### EXERCISE AIM
Starting at the top of the entries below, set down each line exactly as written, and stop after the line containing "eta = sqzero_ext".

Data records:
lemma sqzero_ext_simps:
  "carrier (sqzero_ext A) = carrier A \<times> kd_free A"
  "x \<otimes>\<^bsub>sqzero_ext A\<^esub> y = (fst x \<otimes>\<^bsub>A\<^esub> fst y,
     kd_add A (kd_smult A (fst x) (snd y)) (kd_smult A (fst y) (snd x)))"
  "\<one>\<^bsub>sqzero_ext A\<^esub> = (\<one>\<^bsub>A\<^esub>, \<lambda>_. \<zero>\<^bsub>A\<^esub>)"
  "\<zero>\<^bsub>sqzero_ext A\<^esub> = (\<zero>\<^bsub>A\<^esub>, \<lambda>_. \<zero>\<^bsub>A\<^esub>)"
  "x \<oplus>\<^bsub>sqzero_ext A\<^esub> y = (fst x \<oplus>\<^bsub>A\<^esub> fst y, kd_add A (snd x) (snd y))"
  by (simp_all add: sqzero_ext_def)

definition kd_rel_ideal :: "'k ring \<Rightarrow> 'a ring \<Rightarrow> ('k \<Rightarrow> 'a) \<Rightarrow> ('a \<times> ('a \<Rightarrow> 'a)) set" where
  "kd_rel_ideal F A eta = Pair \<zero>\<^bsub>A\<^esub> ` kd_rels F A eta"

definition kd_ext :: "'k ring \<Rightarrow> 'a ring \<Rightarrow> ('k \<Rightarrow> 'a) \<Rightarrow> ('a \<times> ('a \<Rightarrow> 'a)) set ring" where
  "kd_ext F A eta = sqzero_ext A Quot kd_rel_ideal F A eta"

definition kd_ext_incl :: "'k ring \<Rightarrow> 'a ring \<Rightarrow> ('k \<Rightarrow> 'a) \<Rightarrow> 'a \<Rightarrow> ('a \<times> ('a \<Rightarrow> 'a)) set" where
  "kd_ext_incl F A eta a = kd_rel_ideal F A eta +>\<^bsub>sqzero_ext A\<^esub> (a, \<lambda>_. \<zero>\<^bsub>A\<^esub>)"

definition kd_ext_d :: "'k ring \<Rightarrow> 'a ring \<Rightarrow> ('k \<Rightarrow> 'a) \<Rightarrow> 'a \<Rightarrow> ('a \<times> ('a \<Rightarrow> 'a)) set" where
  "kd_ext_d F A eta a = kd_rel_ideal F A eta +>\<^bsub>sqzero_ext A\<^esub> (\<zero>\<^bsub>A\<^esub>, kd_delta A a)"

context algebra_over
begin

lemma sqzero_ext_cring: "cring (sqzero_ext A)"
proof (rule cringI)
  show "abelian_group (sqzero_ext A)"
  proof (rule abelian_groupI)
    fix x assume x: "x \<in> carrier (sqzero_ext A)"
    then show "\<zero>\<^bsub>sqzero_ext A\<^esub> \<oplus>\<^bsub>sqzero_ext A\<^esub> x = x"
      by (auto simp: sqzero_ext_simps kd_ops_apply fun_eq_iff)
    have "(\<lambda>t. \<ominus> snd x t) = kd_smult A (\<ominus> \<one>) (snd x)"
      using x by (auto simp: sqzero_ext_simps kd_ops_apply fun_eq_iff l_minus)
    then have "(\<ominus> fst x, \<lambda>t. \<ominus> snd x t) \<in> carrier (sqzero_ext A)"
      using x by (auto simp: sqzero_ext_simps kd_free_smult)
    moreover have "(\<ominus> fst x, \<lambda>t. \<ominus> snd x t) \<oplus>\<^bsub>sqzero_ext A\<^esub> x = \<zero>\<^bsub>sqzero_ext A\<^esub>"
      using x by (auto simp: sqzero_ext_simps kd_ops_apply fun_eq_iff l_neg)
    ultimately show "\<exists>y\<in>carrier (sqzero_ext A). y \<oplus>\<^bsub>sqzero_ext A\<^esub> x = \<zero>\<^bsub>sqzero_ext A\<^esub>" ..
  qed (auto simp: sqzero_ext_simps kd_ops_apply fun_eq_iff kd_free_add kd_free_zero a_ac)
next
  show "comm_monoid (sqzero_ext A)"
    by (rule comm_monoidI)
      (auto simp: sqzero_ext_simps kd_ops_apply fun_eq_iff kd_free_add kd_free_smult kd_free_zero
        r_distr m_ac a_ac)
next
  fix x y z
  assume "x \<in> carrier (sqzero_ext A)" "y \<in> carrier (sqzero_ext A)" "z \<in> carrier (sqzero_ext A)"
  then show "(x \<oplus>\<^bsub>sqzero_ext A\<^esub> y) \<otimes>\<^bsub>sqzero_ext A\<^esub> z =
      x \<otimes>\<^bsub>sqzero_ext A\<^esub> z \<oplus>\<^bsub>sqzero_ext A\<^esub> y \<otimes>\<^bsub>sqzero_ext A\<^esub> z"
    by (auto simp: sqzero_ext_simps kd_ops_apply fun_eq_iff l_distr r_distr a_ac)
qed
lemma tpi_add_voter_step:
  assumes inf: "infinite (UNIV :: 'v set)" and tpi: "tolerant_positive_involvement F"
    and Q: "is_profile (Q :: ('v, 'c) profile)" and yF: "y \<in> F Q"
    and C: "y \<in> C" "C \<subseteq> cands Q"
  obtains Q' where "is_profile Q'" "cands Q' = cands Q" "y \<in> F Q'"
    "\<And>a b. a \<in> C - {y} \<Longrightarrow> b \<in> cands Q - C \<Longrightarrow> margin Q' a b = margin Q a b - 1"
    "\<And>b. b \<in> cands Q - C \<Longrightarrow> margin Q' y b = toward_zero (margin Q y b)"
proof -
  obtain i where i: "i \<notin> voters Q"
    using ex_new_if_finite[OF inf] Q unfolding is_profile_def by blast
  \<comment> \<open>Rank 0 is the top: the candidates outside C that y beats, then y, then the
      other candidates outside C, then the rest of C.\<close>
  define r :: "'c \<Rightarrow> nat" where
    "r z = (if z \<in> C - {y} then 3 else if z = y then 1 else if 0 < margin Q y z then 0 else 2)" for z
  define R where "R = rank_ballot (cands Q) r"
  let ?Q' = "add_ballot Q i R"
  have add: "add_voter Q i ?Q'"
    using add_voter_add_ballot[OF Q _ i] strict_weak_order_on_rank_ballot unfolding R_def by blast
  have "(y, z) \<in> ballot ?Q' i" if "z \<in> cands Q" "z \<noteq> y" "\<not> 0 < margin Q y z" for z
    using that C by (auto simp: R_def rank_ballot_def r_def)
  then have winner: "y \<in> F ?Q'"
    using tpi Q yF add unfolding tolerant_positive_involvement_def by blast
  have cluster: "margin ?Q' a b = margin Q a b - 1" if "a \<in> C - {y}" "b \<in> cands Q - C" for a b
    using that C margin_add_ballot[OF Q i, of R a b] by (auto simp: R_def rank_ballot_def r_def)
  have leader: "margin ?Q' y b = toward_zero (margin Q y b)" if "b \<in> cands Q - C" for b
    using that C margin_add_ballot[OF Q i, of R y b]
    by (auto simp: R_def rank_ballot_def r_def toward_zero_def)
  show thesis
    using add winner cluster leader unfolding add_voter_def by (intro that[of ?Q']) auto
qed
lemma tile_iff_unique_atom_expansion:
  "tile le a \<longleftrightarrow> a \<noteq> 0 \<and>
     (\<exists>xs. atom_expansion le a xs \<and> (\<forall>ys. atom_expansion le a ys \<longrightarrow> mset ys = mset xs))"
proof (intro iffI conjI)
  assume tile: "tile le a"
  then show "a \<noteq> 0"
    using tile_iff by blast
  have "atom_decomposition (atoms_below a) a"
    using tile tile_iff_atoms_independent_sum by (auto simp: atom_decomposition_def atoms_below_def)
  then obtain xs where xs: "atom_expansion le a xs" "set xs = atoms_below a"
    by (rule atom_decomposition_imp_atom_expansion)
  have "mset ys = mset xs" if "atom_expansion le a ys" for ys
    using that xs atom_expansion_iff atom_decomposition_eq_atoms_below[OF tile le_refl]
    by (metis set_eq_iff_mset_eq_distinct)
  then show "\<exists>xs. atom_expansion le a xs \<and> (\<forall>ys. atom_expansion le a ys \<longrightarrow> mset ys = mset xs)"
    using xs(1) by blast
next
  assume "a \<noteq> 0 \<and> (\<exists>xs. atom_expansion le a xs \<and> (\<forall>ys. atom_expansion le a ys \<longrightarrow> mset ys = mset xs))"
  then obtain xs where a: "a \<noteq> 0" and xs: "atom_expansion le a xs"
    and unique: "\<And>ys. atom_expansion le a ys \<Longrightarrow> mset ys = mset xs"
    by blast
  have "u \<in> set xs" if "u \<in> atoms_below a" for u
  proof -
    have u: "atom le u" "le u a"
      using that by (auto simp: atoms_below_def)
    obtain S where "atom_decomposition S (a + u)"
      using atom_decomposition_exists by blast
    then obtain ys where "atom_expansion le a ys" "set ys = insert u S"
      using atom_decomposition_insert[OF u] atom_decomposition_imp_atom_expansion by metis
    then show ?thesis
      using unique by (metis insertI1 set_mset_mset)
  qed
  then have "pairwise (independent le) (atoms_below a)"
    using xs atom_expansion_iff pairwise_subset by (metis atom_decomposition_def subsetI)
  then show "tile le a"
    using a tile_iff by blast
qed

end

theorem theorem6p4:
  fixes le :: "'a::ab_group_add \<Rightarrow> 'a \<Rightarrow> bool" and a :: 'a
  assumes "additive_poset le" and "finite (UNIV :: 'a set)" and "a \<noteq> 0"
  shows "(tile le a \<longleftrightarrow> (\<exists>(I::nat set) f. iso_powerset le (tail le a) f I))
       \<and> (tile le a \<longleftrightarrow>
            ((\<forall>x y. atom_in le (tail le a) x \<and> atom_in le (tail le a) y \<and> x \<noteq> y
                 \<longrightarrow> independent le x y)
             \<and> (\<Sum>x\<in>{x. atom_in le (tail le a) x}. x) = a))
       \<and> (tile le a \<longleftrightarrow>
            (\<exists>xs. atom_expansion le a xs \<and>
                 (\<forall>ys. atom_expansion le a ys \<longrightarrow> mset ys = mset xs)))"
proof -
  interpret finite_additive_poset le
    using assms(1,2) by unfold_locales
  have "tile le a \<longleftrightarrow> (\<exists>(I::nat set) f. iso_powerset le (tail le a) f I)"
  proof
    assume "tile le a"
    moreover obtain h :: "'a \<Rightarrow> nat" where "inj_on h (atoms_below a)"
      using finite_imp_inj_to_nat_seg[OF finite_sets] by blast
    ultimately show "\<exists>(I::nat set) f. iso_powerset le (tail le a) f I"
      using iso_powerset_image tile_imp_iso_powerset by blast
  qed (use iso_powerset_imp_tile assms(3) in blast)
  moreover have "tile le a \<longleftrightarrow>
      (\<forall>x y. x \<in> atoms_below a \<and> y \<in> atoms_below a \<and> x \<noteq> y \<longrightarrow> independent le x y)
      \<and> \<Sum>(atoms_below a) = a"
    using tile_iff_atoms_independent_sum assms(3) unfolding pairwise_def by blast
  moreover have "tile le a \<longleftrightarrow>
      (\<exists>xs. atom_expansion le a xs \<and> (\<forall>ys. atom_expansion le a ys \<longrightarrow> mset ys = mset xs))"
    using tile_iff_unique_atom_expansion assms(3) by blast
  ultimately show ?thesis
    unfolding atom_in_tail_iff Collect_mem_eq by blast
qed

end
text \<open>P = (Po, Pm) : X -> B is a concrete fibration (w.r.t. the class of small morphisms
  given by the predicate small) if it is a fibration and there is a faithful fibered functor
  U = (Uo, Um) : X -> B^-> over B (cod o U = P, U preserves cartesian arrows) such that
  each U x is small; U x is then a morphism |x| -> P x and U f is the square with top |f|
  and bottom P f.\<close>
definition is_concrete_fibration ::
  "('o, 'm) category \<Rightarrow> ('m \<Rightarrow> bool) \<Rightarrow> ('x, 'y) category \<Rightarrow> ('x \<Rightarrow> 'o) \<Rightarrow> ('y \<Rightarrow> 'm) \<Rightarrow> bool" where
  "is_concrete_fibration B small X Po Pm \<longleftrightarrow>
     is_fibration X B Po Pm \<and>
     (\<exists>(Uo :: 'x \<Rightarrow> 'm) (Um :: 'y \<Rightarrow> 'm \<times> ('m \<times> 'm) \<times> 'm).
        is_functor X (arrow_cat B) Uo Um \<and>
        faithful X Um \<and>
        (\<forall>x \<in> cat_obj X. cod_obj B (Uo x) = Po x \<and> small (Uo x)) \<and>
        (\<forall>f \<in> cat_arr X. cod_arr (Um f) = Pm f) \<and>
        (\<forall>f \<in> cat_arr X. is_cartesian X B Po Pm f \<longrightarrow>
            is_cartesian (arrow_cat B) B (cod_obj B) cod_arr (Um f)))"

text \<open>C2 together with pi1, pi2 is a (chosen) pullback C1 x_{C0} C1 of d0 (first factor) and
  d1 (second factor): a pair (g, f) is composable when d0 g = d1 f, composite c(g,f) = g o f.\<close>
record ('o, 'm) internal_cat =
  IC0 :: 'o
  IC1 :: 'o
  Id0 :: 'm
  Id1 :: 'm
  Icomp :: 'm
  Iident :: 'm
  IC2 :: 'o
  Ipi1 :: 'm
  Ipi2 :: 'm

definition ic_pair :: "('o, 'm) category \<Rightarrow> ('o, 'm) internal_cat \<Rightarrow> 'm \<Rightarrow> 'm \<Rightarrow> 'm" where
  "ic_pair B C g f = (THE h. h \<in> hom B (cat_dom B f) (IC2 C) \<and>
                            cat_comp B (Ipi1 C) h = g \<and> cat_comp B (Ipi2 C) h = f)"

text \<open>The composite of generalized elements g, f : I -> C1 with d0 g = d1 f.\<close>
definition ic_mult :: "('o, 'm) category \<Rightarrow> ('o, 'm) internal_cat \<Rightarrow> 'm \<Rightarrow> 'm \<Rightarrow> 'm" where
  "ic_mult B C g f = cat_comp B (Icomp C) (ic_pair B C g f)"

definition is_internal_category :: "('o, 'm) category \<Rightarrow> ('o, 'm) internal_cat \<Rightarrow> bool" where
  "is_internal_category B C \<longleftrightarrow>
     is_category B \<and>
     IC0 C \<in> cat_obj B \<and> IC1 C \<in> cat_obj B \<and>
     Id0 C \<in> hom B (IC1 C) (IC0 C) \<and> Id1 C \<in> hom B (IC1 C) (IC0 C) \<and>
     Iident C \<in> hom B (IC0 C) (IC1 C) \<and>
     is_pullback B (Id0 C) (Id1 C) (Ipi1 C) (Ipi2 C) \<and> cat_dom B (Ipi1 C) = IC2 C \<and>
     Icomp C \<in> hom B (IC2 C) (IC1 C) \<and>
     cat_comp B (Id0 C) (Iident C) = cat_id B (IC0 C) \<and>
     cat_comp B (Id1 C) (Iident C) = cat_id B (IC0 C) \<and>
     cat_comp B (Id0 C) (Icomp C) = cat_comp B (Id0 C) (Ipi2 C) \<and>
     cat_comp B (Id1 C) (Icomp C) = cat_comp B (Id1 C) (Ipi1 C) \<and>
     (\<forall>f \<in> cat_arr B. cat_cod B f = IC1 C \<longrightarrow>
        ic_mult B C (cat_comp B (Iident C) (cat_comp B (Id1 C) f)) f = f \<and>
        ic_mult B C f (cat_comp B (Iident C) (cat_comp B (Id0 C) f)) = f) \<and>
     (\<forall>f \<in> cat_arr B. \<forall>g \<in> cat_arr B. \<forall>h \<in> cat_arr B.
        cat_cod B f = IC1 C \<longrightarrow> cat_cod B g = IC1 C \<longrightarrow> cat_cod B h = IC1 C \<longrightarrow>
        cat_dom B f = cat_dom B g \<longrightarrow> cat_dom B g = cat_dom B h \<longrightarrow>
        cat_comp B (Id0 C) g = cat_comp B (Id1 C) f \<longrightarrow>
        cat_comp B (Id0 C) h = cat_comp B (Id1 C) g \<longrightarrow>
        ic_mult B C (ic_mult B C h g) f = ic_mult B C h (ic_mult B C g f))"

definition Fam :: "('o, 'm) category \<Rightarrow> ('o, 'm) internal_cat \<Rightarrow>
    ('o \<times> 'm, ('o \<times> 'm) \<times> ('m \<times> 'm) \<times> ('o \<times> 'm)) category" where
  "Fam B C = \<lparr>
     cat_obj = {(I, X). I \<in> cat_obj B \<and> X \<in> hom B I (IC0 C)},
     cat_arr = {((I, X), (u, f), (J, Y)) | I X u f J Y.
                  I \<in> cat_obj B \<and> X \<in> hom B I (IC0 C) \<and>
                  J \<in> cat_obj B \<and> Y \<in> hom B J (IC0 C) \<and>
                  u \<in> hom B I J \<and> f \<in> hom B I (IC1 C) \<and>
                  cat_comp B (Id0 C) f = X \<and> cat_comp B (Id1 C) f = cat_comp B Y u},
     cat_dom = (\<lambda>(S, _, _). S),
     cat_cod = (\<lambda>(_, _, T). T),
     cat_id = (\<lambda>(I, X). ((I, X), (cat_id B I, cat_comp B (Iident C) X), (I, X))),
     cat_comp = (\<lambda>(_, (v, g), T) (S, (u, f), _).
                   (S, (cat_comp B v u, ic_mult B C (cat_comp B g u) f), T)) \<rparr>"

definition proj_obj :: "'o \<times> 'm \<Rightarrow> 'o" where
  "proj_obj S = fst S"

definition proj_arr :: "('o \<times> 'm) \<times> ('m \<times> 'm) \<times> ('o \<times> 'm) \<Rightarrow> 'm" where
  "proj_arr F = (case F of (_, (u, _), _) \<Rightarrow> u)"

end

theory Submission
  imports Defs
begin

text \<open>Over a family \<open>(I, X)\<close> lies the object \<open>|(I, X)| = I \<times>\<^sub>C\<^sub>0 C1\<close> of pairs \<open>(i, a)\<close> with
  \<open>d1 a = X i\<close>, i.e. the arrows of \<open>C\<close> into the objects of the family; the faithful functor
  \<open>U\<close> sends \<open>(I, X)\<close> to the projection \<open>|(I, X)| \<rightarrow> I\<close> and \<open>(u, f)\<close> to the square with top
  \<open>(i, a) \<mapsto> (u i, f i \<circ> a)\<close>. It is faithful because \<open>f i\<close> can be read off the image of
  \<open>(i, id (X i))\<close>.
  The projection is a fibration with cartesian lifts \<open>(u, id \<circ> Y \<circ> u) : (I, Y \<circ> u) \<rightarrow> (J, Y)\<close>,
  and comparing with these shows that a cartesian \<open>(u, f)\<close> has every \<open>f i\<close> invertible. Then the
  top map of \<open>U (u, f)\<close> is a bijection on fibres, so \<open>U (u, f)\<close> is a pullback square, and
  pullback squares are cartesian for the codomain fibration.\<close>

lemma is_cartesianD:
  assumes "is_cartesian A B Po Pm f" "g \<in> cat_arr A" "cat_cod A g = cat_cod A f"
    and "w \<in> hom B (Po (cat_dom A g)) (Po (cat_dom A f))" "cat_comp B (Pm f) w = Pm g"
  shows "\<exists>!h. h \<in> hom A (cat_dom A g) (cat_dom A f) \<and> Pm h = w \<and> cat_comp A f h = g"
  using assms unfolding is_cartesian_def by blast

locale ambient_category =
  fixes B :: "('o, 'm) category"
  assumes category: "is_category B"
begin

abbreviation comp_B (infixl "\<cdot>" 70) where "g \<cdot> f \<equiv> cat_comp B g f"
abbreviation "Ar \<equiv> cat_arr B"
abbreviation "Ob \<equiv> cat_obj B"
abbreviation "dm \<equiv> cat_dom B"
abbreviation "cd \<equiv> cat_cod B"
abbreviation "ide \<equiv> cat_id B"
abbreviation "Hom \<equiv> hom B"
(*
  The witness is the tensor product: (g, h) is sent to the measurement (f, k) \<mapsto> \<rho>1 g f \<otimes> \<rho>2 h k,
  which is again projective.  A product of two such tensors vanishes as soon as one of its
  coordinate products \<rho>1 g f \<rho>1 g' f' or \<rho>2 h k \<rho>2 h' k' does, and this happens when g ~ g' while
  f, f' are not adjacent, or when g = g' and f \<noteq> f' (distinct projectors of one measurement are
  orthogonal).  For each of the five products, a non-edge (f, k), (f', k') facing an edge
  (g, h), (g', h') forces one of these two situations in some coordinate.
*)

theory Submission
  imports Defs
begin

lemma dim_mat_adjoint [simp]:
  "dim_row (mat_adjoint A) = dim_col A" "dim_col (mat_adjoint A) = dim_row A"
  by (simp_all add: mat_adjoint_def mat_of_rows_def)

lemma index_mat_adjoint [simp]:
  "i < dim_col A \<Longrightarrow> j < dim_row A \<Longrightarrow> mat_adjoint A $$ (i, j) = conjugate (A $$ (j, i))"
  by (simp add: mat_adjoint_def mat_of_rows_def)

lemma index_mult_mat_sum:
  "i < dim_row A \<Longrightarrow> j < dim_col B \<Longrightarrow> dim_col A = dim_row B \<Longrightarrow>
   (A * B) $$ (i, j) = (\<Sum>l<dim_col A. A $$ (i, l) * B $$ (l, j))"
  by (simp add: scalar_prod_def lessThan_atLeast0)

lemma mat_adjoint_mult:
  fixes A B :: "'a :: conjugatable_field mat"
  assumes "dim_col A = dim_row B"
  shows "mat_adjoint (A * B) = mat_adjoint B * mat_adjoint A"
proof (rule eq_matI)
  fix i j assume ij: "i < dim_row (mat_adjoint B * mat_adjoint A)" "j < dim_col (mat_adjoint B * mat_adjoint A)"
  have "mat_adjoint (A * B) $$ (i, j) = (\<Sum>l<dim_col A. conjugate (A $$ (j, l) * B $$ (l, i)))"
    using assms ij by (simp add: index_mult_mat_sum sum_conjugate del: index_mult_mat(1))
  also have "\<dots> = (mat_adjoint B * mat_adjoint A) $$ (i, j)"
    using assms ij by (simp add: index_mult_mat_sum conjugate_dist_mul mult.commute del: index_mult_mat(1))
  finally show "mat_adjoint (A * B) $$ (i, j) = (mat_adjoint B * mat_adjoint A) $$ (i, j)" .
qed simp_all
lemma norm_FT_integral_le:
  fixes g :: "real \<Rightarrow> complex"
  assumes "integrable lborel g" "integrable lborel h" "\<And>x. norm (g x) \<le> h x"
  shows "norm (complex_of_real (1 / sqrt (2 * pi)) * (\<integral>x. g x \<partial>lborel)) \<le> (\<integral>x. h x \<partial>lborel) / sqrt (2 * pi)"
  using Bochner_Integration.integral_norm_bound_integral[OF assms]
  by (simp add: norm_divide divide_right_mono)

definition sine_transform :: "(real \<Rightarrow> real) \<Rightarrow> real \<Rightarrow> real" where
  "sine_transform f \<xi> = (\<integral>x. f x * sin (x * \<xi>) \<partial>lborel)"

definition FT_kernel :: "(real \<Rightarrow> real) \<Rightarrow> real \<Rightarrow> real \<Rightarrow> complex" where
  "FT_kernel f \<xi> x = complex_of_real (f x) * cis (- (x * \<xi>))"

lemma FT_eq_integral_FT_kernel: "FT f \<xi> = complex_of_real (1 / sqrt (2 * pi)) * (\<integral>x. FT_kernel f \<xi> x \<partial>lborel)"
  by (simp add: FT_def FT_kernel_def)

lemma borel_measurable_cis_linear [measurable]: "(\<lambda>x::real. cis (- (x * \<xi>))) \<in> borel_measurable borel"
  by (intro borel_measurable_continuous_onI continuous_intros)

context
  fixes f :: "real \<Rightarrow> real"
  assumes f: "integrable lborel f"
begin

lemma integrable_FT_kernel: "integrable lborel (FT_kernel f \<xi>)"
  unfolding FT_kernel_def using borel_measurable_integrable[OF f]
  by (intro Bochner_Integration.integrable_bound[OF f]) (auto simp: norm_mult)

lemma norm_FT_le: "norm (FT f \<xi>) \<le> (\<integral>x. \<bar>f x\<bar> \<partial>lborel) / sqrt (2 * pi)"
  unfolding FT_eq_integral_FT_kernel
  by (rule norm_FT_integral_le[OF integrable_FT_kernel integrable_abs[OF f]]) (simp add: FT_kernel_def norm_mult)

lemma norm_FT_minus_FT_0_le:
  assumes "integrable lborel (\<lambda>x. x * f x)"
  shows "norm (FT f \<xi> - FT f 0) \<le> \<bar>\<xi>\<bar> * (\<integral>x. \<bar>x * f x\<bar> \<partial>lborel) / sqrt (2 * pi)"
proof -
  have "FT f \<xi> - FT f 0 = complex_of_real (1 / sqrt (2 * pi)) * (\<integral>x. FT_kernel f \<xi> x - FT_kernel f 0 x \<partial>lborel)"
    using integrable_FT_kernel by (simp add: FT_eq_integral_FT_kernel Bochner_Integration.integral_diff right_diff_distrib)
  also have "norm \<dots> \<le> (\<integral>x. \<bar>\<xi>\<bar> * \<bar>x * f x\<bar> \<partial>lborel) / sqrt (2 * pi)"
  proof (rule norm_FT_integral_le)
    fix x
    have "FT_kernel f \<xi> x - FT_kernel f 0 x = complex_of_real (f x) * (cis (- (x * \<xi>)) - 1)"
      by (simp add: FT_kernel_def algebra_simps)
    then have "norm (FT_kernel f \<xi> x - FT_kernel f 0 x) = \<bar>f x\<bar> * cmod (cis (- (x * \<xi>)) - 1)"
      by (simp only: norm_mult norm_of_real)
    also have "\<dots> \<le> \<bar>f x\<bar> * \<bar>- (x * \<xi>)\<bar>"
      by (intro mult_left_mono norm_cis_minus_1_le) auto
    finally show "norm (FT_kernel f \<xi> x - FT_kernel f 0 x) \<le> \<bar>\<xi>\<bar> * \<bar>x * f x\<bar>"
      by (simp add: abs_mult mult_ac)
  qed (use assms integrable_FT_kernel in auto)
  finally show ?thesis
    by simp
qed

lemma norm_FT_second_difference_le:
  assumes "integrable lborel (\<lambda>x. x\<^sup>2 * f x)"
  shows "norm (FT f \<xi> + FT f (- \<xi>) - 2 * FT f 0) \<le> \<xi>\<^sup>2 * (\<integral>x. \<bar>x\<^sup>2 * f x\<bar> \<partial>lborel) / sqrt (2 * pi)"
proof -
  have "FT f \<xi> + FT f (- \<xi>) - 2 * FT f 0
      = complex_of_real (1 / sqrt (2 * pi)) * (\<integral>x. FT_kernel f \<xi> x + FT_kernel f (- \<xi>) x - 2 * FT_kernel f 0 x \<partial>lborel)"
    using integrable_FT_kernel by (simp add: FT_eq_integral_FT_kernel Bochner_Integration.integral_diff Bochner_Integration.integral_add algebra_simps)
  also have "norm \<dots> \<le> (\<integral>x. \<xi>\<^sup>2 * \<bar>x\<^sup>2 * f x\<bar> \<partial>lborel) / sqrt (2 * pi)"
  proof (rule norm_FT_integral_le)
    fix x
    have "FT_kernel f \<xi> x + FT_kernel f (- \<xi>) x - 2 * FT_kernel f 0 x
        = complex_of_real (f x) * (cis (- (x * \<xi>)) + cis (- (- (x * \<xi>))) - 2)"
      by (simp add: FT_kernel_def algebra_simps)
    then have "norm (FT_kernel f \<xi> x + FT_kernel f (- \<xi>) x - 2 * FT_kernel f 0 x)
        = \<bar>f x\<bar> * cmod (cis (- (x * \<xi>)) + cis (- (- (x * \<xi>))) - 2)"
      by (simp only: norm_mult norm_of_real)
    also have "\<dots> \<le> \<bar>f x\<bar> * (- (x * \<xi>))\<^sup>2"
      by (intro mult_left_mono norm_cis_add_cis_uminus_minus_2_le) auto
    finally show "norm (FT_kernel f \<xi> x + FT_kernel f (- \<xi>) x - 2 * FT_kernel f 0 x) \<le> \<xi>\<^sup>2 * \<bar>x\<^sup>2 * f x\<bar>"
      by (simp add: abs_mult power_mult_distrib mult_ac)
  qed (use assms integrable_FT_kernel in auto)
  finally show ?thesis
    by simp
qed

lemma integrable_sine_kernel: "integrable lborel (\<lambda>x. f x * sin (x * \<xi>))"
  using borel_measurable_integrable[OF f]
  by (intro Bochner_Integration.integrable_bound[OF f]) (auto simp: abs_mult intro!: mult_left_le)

### ANSWER BOX
lemma sqzero_ext_simps:
  "carrier (sqzero_ext A) = carrier A \<times> kd_free A"
  "x \<otimes>\<^bsub>sqzero_ext A\<^esub> y = (fst x \<otimes>\<^bsub>A\<^esub> fst y,
     kd_add A (kd_smult A (fst x) (snd y)) (kd_smult A (fst y) (snd x)))"
  "\<one>\<^bsub>sqzero_ext A\<^esub> = (\<one>\<^bsub>A\<^esub>, \<lambda>_. \<zero>\<^bsub>A\<^esub>)"
  "\<zero>\<^bsub>sqzero_ext A\<^esub> = (\<zero>\<^bsub>A\<^esub>, \<lambda>_. \<zero>\<^bsub>A\<^esub>)"
  "x \<oplus>\<^bsub>sqzero_ext A\<^esub> y = (fst x \<oplus>\<^bsub>A\<^esub> fst y, kd_add A (snd x) (snd y))"
  by (simp_all add: sqzero_ext_def)

definition kd_rel_ideal :: "'k ring \<Rightarrow> 'a ring \<Rightarrow> ('k \<Rightarrow> 'a) \<Rightarrow> ('a \<times> ('a \<Rightarrow> 'a)) set" where
  "kd_rel_ideal F A eta = Pair \<zero>\<^bsub>A\<^esub> ` kd_rels F A eta"

definition kd_ext :: "'k ring \<Rightarrow> 'a ring \<Rightarrow> ('k \<Rightarrow> 'a) \<Rightarrow> ('a \<times> ('a \<Rightarrow> 'a)) set ring" where
  "kd_ext F A eta = sqzero_ext A Quot kd_rel_ideal F A eta"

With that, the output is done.